The Commission shall—

(1) propose rules to implement this section, not later than 90 days after July 30, 2002; and

(2) issue final rules to implement this section, not later than 180 days after July 30, 2002.

(Pub. L. 107–204, title IV, §406, July 30, 2002, 116 Stat. 789.)

§7265. Disclosure of audit committee financial expert

(a) Rules defining “financial expert”

The Commission shall issue rules, as necessary or appropriate in the public interest and consistent with the protection of investors, to require each issuer, together with periodic reports required pursuant to sections 78m(a) and 78o(d) of this title, to disclose whether or not, and if not, the reasons therefor, the audit committee of that issuer is comprised of at least 1 member who is a financial expert, as such term is defined by the Commission.

(b) Considerations

In defining the term “financial expert” for purposes of subsection (a) of this section, the Commission shall consider whether a person has, through education and experience as a public accountant or auditor or a principal financial officer, comptroller, or principal accounting officer of an issuer, or from a position involving the performance of similar functions—

(1) an understanding of generally accepted accounting principles and financial statements;

(2) experience in—

(A) the preparation or auditing of financial statements of generally comparable issuers; and

(B) the application of such principles in connection with the accounting for estimates, accruals, and reserves;


(3) experience with internal accounting controls; and

(4) an understanding of audit committee functions.

(c) Deadline for rulemaking

The Commission shall—

(1) propose rules to implement this section, not later than 90 days after July 30, 2002; and

(2) issue final rules to implement this section, not later than 180 days after July 30, 2002.

(Pub. L. 107–204, title IV, §407, July 30, 2002, 116 Stat. 790.)

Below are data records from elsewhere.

section \<open>W2 between Gaussians, and rigidity of the Gelbrich bound\<close>

text \<open>The monotone affine map  x \<mapsto> b + (\<beta>/\<alpha>)(x - a)  couples N(a, \<alpha>^2) with N(b, \<beta>^2) at cost
  equal to the Gelbrich bound, which is therefore the exact value of W2.\<close>
lemma W2_gaussian:
  assumes a: "\<alpha> > 0" and b: "\<beta> > 0"
  shows "(W2 (gaussian pa (\<alpha>\<^sup>2)) (gaussian pb (\<beta>\<^sup>2)))\<^sup>2 = (pa - pb)\<^sup>2 + (\<alpha> - \<beta>)\<^sup>2"
proof (rule antisym)
  let ?Ga = "gaussian pa (\<alpha>\<^sup>2)" and ?Gb = "gaussian pb (\<beta>\<^sup>2)"
  define k where "k = \<beta> / \<alpha>"
  have k: "k > 0" and k\<alpha>: "k * \<alpha> = \<beta>" using a b by (simp_all add: k_def)
  define f where "f = (\<lambda>x::real. (x, pb + k * (x - pa)))"
  define \<gamma> where "\<gamma> = distr ?Ga borel f"
  interpret Pa: prob_space ?Ga using prob_space_gaussian[OF a] .
  have f[measurable]: "f \<in> borel_measurable borel" unfolding f_def by measurable
  have f': "f \<in> measurable ?Ga borel"
    by (simp add: measurable_cong_sets[OF gaussian_sets refl])
  have "distr \<gamma> borel fst = distr ?Ga borel (fst \<circ> f)"
    and "distr \<gamma> borel snd = distr ?Ga borel (snd \<circ> f)"
    unfolding \<gamma>_def by (simp_all add: distr_distr[OF _ f'])
  moreover have "fst \<circ> f = (\<lambda>x. x)" and "snd \<circ> f = (\<lambda>x. pb + k * (x - pa))"
    by (auto simp: f_def)
  ultimately have c: "\<gamma> \<in> couplings ?Ga ?Gb"
    unfolding couplings_def using gaussian_affine[OF a k] k\<alpha> Pa.prob_space_distr[OF f']
    by (simp add: \<gamma>_def distr_id2)
  have "(W2 ?Ga ?Gb)\<^sup>2 \<le> cost \<gamma>"
    by (rule W2_le_cost[OF U2_gaussian[OF a] U2_gaussian[OF b] c])
  also have "cost \<gamma> = integral\<^sup>L ?Ga (\<lambda>x. (x - (pb + k * (x - pa)))\<^sup>2)"
    unfolding \<gamma>_def by (subst integral_distr[OF f']) (simp_all add: f_def)
  also have "\<dots> = integral\<^sup>L ?Ga (\<lambda>x. (1 - k)\<^sup>2 * (x - pa)\<^sup>2 + (2 * (1 - k) * (pa - pb)) * x
                     + ((pa - pb)\<^sup>2 - 2 * (1 - k) * (pa - pb) * pa))"
    by (rule Bochner_Integration.integral_cong) (simp_all add: power2_eq_square algebra_simps)
  also have "\<dots> = (1 - k)\<^sup>2 * \<alpha>\<^sup>2 + (pa - pb)\<^sup>2"
    using gaussian_central_moment[OF a, of pa] gaussian_first_moment[OF a, of pa] Pa.prob_space
    by (simp add: algebra_simps)
  also have "(1 - k)\<^sup>2 * \<alpha>\<^sup>2 = (\<alpha> - \<beta>)\<^sup>2"
    using a by (simp add: k_def power2_eq_square field_simps)
  finally show "(W2 ?Ga ?Gb)\<^sup>2 \<le> (pa - pb)\<^sup>2 + (\<alpha> - \<beta>)\<^sup>2" by simp
  show "(pa - pb)\<^sup>2 + (\<alpha> - \<beta>)\<^sup>2 \<le> (W2 ?Ga ?Gb)\<^sup>2"
    using gelbrich_le_W2[OF U2_gaussian[OF a] U2_gaussian[OF b]] by (simp add: gelbrich_gaussian a b)
qed

lemma W2_gaussian_le:
  assumes "\<alpha> > 0" "\<beta> > 0"
  shows "W2 (gaussian pa (\<alpha>\<^sup>2)) (gaussian pb (\<beta>\<^sup>2)) \<le> \<bar>pa - pb\<bar> + \<bar>\<alpha> - \<beta>\<bar>"
proof -
  have "W2 (gaussian pa (\<alpha>\<^sup>2)) (gaussian pb (\<beta>\<^sup>2)) = sqrt ((pa - pb)\<^sup>2 + (\<alpha> - \<beta>)\<^sup>2)"
    using W2_gaussian[OF assms] W2_nonneg by (metis real_sqrt_unique)
  then show ?thesis by (simp add: sqrt_sum_squares_le_sum_abs)
qed

lemma iexp_dist_le: "cmod (iexp a - iexp b) \<le> \<bar>a - b\<bar>"
proof -
  have "iexp a - iexp b = iexp b * (iexp (a - b) - 1)"
    by (simp add: algebra_simps exp_add[symmetric])
  then have "cmod (iexp a - iexp b) = cmod (iexp (a - b) - 1)"
    by (simp add: norm_mult)
  also have "\<dots> \<le> \<bar>a - b\<bar>" using iexp_approx1[of "a - b" 0] by simp
  finally show ?thesis .
qed

lemma (in prob_space) char_distr_diff_le:
  assumes X[measurable]: "X \<in> borel_measurable M" and Y[measurable]: "Y \<in> borel_measurable M"
    and XY: "integrable M (\<lambda>z. (X z - Y z)\<^sup>2)" and \<delta>: "\<delta> > 0"
  shows "cmod (char (distr M borel X) t - char (distr M borel Y) t)
           \<le> t\<^sup>2 / (2 * \<delta>) * (\<integral>z. (X z - Y z)\<^sup>2 \<partial>M) + \<delta> / 2"
proof -
  have char: "char (distr M borel Z) t = (CLINT z|M. iexp (t * Z z))"
    if "Z \<in> borel_measurable M" for Z :: "'a \<Rightarrow> real"
    unfolding char_def using integral_distr[OF that, of "\<lambda>x. iexp (t * x)"] by simp
  have int: "integrable M (\<lambda>z. iexp (t * Z z))" if "Z \<in> borel_measurable M" for Z :: "'a \<Rightarrow> real"
    by (rule integrable_const_bound[where B=1])
       (use that in \<open>simp_all add: norm_exp_i_times[of "t * Z _", simplified]\<close>)
  have pointwise: "cmod (iexp (t * X z) - iexp (t * Y z)) \<le> t\<^sup>2 / (2 * \<delta>) * (X z - Y z)\<^sup>2 + \<delta> / 2" for z
  proof -
    have "cmod (iexp (t * X z) - iexp (t * Y z)) \<le> \<bar>t * (X z - Y z)\<bar>"
      using iexp_dist_le[of "t * X z" "t * Y z"] by (simp add: algebra_simps)
    also have "\<dots> \<le> t\<^sup>2 / (2 * \<delta>) * (X z - Y z)\<^sup>2 + \<delta> / 2"
    proof -
      have "2 * \<delta> * \<bar>t * (X z - Y z)\<bar> \<le> \<bar>t * (X z - Y z)\<bar>\<^sup>2 + \<delta>\<^sup>2"
        using sum_squares_bound[of "\<bar>t * (X z - Y z)\<bar>" \<delta>] by (simp add: algebra_simps)
      then show ?thesis using \<delta> by (simp add: field_simps power2_eq_square)
    qed
    finally show ?thesis .
  qed
  have "cmod (char (distr M borel X) t - char (distr M borel Y) t)
        = cmod (CLINT z|M. iexp (t * X z) - iexp (t * Y z))"
    using int[OF X] int[OF Y] by (simp add: char[OF X] char[OF Y])
  also have "\<dots> \<le> (\<integral>z. cmod (iexp (t * X z) - iexp (t * Y z)) \<partial>M)"
    by (rule integral_norm_bound)
  also have "\<dots> \<le> (\<integral>z. t\<^sup>2 / (2 * \<delta>) * (X z - Y z)\<^sup>2 + \<delta> / 2 \<partial>M)"
    using int[OF X] int[OF Y] XY pointwise by (intro integral_mono) auto
  also have "\<dots> = t\<^sup>2 / (2 * \<delta>) * (\<integral>z. (X z - Y z)\<^sup>2 \<partial>M) + \<delta> / 2"
    using XY prob_space by simp
  finally show ?thesis .
qed

lemma (in U2_coupling) affine_transport_gap:
  assumes v: "var_of \<nu> > 0"
  defines "k \<equiv> sqrt (var_of \<eta>) / sqrt (var_of \<nu>)"
  shows "integrable \<gamma> (\<lambda>z. (fst z - (mean_of \<eta> + k * (snd z - mean_of \<nu>)))\<^sup>2)"
    and "integral\<^sup>L \<gamma> (\<lambda>z. (fst z - (mean_of \<eta> + k * (snd z - mean_of \<nu>)))\<^sup>2)
           = k * (cost \<gamma> - gelbrich \<eta> \<nu>)"
proof -
  let ?m = "mean_of \<eta>" and ?p = "mean_of \<nu>"
  have ksd: "k * sqrt (var_of \<nu>) = sqrt (var_of \<eta>)" using v by (simp add: k_def)
  have A: "A = (sqrt (var_of \<eta>))\<^sup>2 + ?m\<^sup>2" and C: "C = (sqrt (var_of \<nu>))\<^sup>2 + ?p\<^sup>2"
    using var_fst var_snd mean_fst mean_snd var_of_nonneg[of \<eta>] var_of_nonneg[of \<nu>] by simp_all
  have e: "\<And>z. (fst z - (?m + k * (snd z - ?p)))\<^sup>2 = (k * ?p - ?m)\<^sup>2 + (2 * (k * ?p - ?m)) * fst z
      + (- 2 * k * (k * ?p - ?m)) * snd z + 1 * (fst z)\<^sup>2 + k\<^sup>2 * (snd z)\<^sup>2 + (- 2 * k) * (fst z * snd z)"
    by (simp add: power2_eq_square algebra_simps)
  show "integrable \<gamma> (\<lambda>z. (fst z - (?m + k * (snd z - ?p)))\<^sup>2)"
    by (rule quadratic_integral(1)[OF e])
  have "integral\<^sup>L \<gamma> (\<lambda>z. (fst z - (?m + k * (snd z - ?p)))\<^sup>2) = (k * ?p - ?m)\<^sup>2 + (2 * (k * ?p - ?m)) * B
      + (- 2 * k * (k * ?p - ?m)) * D + 1 * A + k\<^sup>2 * C + (- 2 * k) * K"
    by (rule quadratic_integral(2)[OF e])
  also have "\<dots> = k * (cost \<gamma> - gelbrich \<eta> \<nu>)"
    unfolding cost_eq(2) A C gelbrich_def mean_fst[symmetric] mean_snd[symmetric] ksd[symmetric]
    by (simp add: power2_eq_square algebra_simps)
  finally show "integral\<^sup>L \<gamma> (\<lambda>z. (fst z - (?m + k * (snd z - ?p)))\<^sup>2) = k * (cost \<gamma> - gelbrich \<eta> \<nu>)" .
qed

text \<open>If a measure attains the Gelbrich bound against a nondegenerate \<nu>, then near-optimal
  couplings show that its characteristic function is arbitrarily close to that of the affine
  image of \<nu> with matching mean and standard deviation.\<close>
lemma char_close_affine_image:
  assumes U: "U2 \<eta>" "U2 \<nu>" and v: "var_of \<nu> > 0" and W: "(W2 \<eta> \<nu>)\<^sup>2 \<le> gelbrich \<eta> \<nu>"
    and \<delta>: "\<delta> > 0" and \<epsilon>: "\<epsilon> > 0"
  defines "k \<equiv> sqrt (var_of \<eta>) / sqrt (var_of \<nu>)"
  shows "cmod (char \<eta> t - char (distr \<nu> borel (\<lambda>y. mean_of \<eta> + k * (y - mean_of \<nu>))) t)
           \<le> t\<^sup>2 / (2 * \<delta>) * k * \<epsilon> + \<delta> / 2"
proof -
  define f where "f = (\<lambda>y. mean_of \<eta> + k * (y - mean_of \<nu>))"
  have k: "k \<ge> 0" unfolding k_def using var_of_nonneg by simp
  have f[measurable]: "f \<in> borel_measurable borel" unfolding f_def by measurable
  obtain \<gamma> where c: "\<gamma> \<in> couplings \<eta> \<nu>" and lt: "cost \<gamma> < (W2 \<eta> \<nu>)\<^sup>2 + \<epsilon>"
    using W2_near_optimal_coupling[OF U \<epsilon>] by blast
  interpret U2_coupling \<eta> \<nu> \<gamma> using U c by unfold_locales
  have m: "fst \<in> borel_measurable \<gamma>" "(\<lambda>z. f (snd z)) \<in> borel_measurable \<gamma>"
    by (rule coupling_measurable[OF c]; measurable)+
  have fst: "distr \<gamma> borel fst = \<eta>" by (rule couplingD(3)[OF c])
  have snd: "distr \<gamma> borel (\<lambda>z. f (snd z)) = distr \<nu> borel f"
    using distr_distr[of f borel borel snd \<gamma>] coupling_measurable[OF c snd_borel] couplingD(4)[OF c]
    by (simp add: comp_def)
  have int: "integrable \<gamma> (\<lambda>z. (fst z - f (snd z))\<^sup>2)"
    using affine_transport_gap(1)[OF v] by (simp add: f_def k_def)
  have gap: "integral\<^sup>L \<gamma> (\<lambda>z. (fst z - f (snd z))\<^sup>2) \<le> k * \<epsilon>"
    unfolding f_def affine_transport_gap(2)[OF v, folded k_def]
    using lt W k by (intro mult_left_mono) simp_all
  have "cmod (char \<eta> t - char (distr \<nu> borel f) t)
          \<le> t\<^sup>2 / (2 * \<delta>) * integral\<^sup>L \<gamma> (\<lambda>z. (fst z - f (snd z))\<^sup>2) + \<delta> / 2"
    using char_distr_diff_le[OF m int \<delta>, of t] by (simp only: fst snd)
  also have "\<dots> \<le> t\<^sup>2 / (2 * \<delta>) * (k * \<epsilon>) + \<delta> / 2"
    using gap \<delta> by (intro add_right_mono mult_left_mono) simp_all
  finally show ?thesis unfolding f_def by (simp add: mult.assoc)
qed

lemma nonpos_if_le_two_epsilons:
  fixes d :: real and c :: "real \<Rightarrow> real"
  assumes c: "\<And>\<delta>. \<delta> > 0 \<Longrightarrow> c \<delta> \<ge> 0"
    and H: "\<And>\<delta> \<epsilon>. \<delta> > 0 \<Longrightarrow> \<epsilon> > 0 \<Longrightarrow> d \<le> c \<delta> * \<epsilon> + \<delta>"
  shows "d \<le> 0"
proof (rule field_le_epsilon)
  fix e :: real assume e: "e > 0"
  let ?c = "c (e / 2)"
  have pos: "?c \<ge> 0" using c e by simp
  have "d \<le> ?c * (e / 2 / (?c + 1)) + e / 2"
    using H[of "e / 2" "e / 2 / (?c + 1)"] e pos by (simp add: add_nonneg_pos)
  also have "?c * (e / 2 / (?c + 1)) \<le> e / 2"
    using e pos by (simp add: field_simps)
  finally show "d \<le> 0 + e" by simp
qed

text \<open>Rigidity: a measure attaining the Gelbrich bound against a nondegenerate \<nu> is the affine
  image of \<nu> with its own mean and standard deviation (Levy's uniqueness theorem).\<close>
lemma gelbrich_attained_affine:
  assumes U: "U2 \<eta>" "U2 \<nu>" and v: "var_of \<nu> > 0" and W: "(W2 \<eta> \<nu>)\<^sup>2 \<le> gelbrich \<eta> \<nu>"
  defines "k \<equiv> sqrt (var_of \<eta>) / sqrt (var_of \<nu>)"
  shows "\<eta> = distr \<nu> borel (\<lambda>y. mean_of \<eta> + k * (y - mean_of \<nu>))"
proof -
  define f where "f = (\<lambda>y. mean_of \<eta> + k * (y - mean_of \<nu>))"
  have k: "k \<ge> 0" unfolding k_def using var_of_nonneg by simp
  have "char \<eta> = char (distr \<nu> borel f)"
  proof
    fix t
    have "cmod (char \<eta> t - char (distr \<nu> borel f) t) \<le> 0"
    proof (rule nonpos_if_le_two_epsilons[where c = "\<lambda>\<delta>. t\<^sup>2 / (2 * \<delta>) * k"])
      fix \<delta> \<epsilon> :: real assume "\<delta> > 0" "\<epsilon> > 0"
      then show "cmod (char \<eta> t - char (distr \<nu> borel f) t) \<le> t\<^sup>2 / (2 * \<delta>) * k * \<epsilon> + \<delta>"
        using char_close_affine_image[OF U v W, of \<delta> \<epsilon> t] unfolding f_def k_def by simp
    qed (use k in simp)
    then show "char \<eta> t = char (distr \<nu> borel f) t" by simp
  qed
  moreover have "real_distribution \<eta>"
    using U by (simp add: U2_def real_distribution_def real_distribution_axioms_def)
  moreover have "real_distribution (distr \<nu> borel f)"
  proof -
    have f: "f \<in> measurable \<nu> borel"
      using measurable_cong_sets[of \<nu> borel borel borel] U(2) by (auto simp: U2_def f_def)
    then show ?thesis
      using U(2) prob_space.prob_space_distr[OF _ f]
      by (simp add: U2_def real_distribution_def real_distribution_axioms_def)
  qed
  ultimately show ?thesis
    unfolding f_def[symmetric] by (simp add: Levy_uniqueness)
qed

§7266. Enhanced review of periodic disclosures by issuers

(a) Regular and systematic review

The Commission shall review disclosures made by issuers reporting under section 78m(a) of this title (including reports filed on Form 10–K), and which have a class of securities listed on a national securities exchange or traded on an automated quotation facility of a national securities association, on a regular and systematic basis for the protection of investors. Such review shall include a review of an issuer's financial statement.

(b) Review criteria

For purposes of scheduling the reviews required by subsection (a) of this section, the Commission shall consider, among other factors—

(1) issuers that have issued material restatements of financial results;

(2) issuers that experience significant volatility in their stock price as compared to other issuers;

(3) issuers with the largest market capitalization;

(4) emerging companies with disparities in price to earning ratios;

(5) issuers whose operations significantly affect any material sector of the economy; and

(6) any other factors that the Commission may consider relevant.

(c) Minimum review period

In no event shall an issuer required to file reports under section 78m(a) or 78o(d) of this title be reviewed under this section less frequently than once every 3 years.

(Pub. L. 107–204, title IV, §408, July 30, 2002, 116 Stat. 790.)